Creation of Sofia the First 
Gerber was approached by Nancy Kanter, a writer at Disney Junior who asked him for an idea for a children's show revolving around a princess during her childhood.  He was determined to give a modern spin of the classic “fairy tale” element of the pitch. Thus, in November 2012, Sofia the First was created.
When Gerber was stuck in traffic while driving in Los Angeles, he immediately looked at his childhood and found inspiration with his own home life to create a show with a family that many children could identify with.   Growing up in a Stepfamily, he wanted to emulate how it is normal this type of situation is for people.  In the program, he provides the young princess with a stepsister, stepbrother, and stepdad; something that is a new territory for her. Gerber's then three-year-old son, Miles, was also an influence for him, constantly making believe, sometimes even as a princess, which led him to provide a character that he could relate to.

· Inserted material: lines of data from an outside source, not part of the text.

(* For any constants $\alpha\ge 1$ and $\beta\ge 1$, there exist a number of processors $p$ and an in-tree task graph $T$ in the Pebble Game model such that no schedule $S$ of $T$ on $p$ processors satisfies both $C_{\max}(S)\le \alpha\, C^*_p(T)$ and $M(S)\le \beta\, M^*_p(T)$. Equivalently, no algorithm is simultaneously an $\alpha$-approximation for makespan minimization and a $\beta$-approximation for peak memory minimization when scheduling in-trees in the Pebble Game model.
   Context: Model. An in-tree task graph $T$ has nodes $\{1,\dots,n\}$ and a root; every non-root node $i$ has a parent, and $\mathrm{Children}(i)$ is the set of children of $i$. Each node $i$ has a processing time $w_i\ge 0$, an execution-file size $n_i\ge 0$ and an output-file size $f_i\ge 0$. A schedule on $p$ identical processors assigns each node $i$ a processor and a start time $\sigma_i\ge 0$; node $i$ runs without preemption during $[\sigma_i,\sigma_i+w_i)$, a processor runs at most one node at a time, and a node may start only after all its children have completed. The makespan is $C_{\max}=\max_i(\sigma_i+w_i)$. Memory: the output file of $i$ (size $f_i$) occupies memory from the start of $i$ until the completion of the parent of $i$ (for the root, until the end of the schedule), and the execution file of $i$ occupies memory while $i$ runs. The memory used at time $t$ is the total size of files present at time $t$; the peak memory $M(S)$ is the supremum over $t$ of the memory used. $C^*_p(T)$ denotes the minimum makespan and $M^*_p(T)$ the minimum peak memory over all schedules of $T$ on $p$ processors. The Pebble Game model is the special case $f_i=1$, $w_i=1$, $n_i=0$ for all $i$. An algorithm is an $\alpha$-approximation for makespan (resp. $\beta$-approximation for peak memory) if on every instance $(T,p)$ its schedule has makespan at most $\alpha C^*_p(T)$ (resp. peak memory at most $\beta M^*_p(T)$). *)

theory Defs
  imports Complex_Main
begin

definition in_tree :: "nat \<Rightarrow> nat \<Rightarrow> (nat \<Rightarrow> nat) \<Rightarrow> bool" where
  "in_tree n r par \<longleftrightarrow> r \<in> {1..n} \<and>
     (\<forall>i\<in>{1..n}. i \<noteq> r \<longrightarrow> par i \<in> {1..n}) \<and>
     (\<forall>i\<in>{1..n}. \<exists>k. (par ^^ k) i = r)"

definition children :: "nat \<Rightarrow> nat \<Rightarrow> (nat \<Rightarrow> nat) \<Rightarrow> nat \<Rightarrow> nat set" where
  "children n r par i = {j \<in> {1..n}. j \<noteq> r \<and> par j = i}"
lemma mdp_second_moment_bound:
  fixes Pt :: "'s::finite \<Rightarrow> 'act::finite \<Rightarrow> 's pmf"
  assumes rw: "\<And>s a. 0 \<le> rw s a \<and> rw s a \<le> 1" and \<gamma>: "0 \<le> \<gamma>" "\<gamma> < 1"
    and gap_pos: "mdp_gap Pt rw \<gamma> \<theta> > 0"
  shows "mdp_second_moment Pt rw \<gamma> \<rho> \<theta>
           \<le> 4 * real CARD('act) powr (3/2) * real CARD('s) powr (1/2)
               / ((1 - \<gamma>) ^ 4 * (mdp_gap Pt rw \<gamma> \<theta>)\<^sup>2)
              * l2norm (mdp_grad Pt rw \<gamma> \<rho> \<theta>)"
proof (cases "\<forall>a a'::'act. a = a'")
  case True
  then have "mdp_second_moment Pt rw \<gamma> \<rho> \<theta> \<le> 0"
    using mdp_second_moment_le[OF rw \<gamma>, where \<rho> = \<rho> and \<theta> = \<theta>]
    by (simp add: sum_power2_eq_1_if_trivial_type sum_tpol)
  also have "0 \<le> 4 * real CARD('act) powr (3/2) * real CARD('s) powr (1/2)
                  / ((1 - \<gamma>) ^ 4 * (mdp_gap Pt rw \<gamma> \<theta>)\<^sup>2) * l2norm (mdp_grad Pt rw \<gamma> \<rho> \<theta>)"
    using \<gamma> by (simp add: l2norm_nonneg)
  finally show ?thesis .
next
  case False
  let ?Q = "Qfun Pt rw \<gamma> (tpol \<theta>)"
  obtain a a' :: 'act where "a \<noteq> a'"
    using False by blast
  obtain s :: 's where True
    by blast
  from \<open>a \<noteq> a'\<close> have "mdp_gap Pt rw \<gamma> \<theta> \<le> \<bar>?Q s a - ?Q s a'\<bar>"
    by (rule mdp_gap_le)
  also have "\<dots> \<le> 1 / (1 - \<gamma>)"
  proof -
    have "0 \<le> ?Q s b \<and> ?Q s b \<le> 1 / (1 - \<gamma>)" for b
      by (rule Qfun_bounds[of "tpol \<theta>", OF tpol_nonneg sum_tpol rw \<gamma>])
    from this[of a] this[of a'] show ?thesis by linarith
  qed
  also have "\<dots> \<le> real CARD('act) / (1 - \<gamma>)"
  proof -
    have "1 \<le> real CARD('act)" by simp
    with \<gamma> show ?thesis by (intro divide_right_mono) auto
  qed
  finally have gap_le: "mdp_gap Pt rw \<gamma> \<theta> \<le> real CARD('act) / (1 - \<gamma>)" .
  have "mdp_second_moment Pt rw \<gamma> \<rho> \<theta>
      \<le> 4 / (1 - \<gamma>) ^ 3 * sqrt (real CARD('s)) * sqrt (real CARD('act))
         * (real CARD('act) / (1 - \<gamma>)) / (mdp_gap Pt rw \<gamma> \<theta>)\<^sup>2 * l2norm (mdp_grad Pt rw \<gamma> \<rho> \<theta>)"
    using mdp_second_moment_mult_gap_le[OF rw \<gamma> gap_pos] gap_pos gap_le \<gamma>
    by (intro le_div_power2_if_mult_le) (auto simp: l2norm_nonneg)
  also have "\<dots> = 4 * real CARD('act) powr (3/2) * real CARD('s) powr (1/2)
                  / ((1 - \<gamma>) ^ 4 * (mdp_gap Pt rw \<gamma> \<theta>)\<^sup>2) * l2norm (mdp_grad Pt rw \<gamma> \<rho> \<theta>)"
    by (simp add: powr_three_halves powr_half_sqrt divide_simps mult_ac power_Suc2 eval_nat_numeral)
  finally show ?thesis .
qed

The character that Gerber created, Princess Sofia, was designed to be a role model for both boys and girls. Gerber stated in an article “In a world where many young girls want to dress up as princesses, Sofia could serve as a positive role model, displaying traits and learning lessons that young girls (or boys) will retain long after they trade in their gowns for other costumes.”
 
Kind, courageous, bold, and curious are just a few of the qualities Gerber wanted to give Princess Sofia in order to make a positive character.   He explains “To that end, Sofia is very adventurous, and bold, and courageous, and curious. She has a big heart, and she’s always ready to try new things, and she’s always ready to stand up for what she believes in or what she thinks is right. By the way, I think these are good qualities for both girls and boys to follow. And so there’s a feminist message. There’s also a message for both boys and girls, saying you can do anything you set your mind to if you keep trying and don’t give up – that life is an adventure.”  Another important element he wanted to provide her with was to make her flawed. Sometimes she could mess up dealing with issues of sibling rivalry, sharing, or trying a new thing. This was a very important message Gerber wanted to provide to his young viewers. Gerber describes Sofia's faults as “Sofia’s biggest flaw is that she is too trusting. It will take her a long time to learn this lesson.”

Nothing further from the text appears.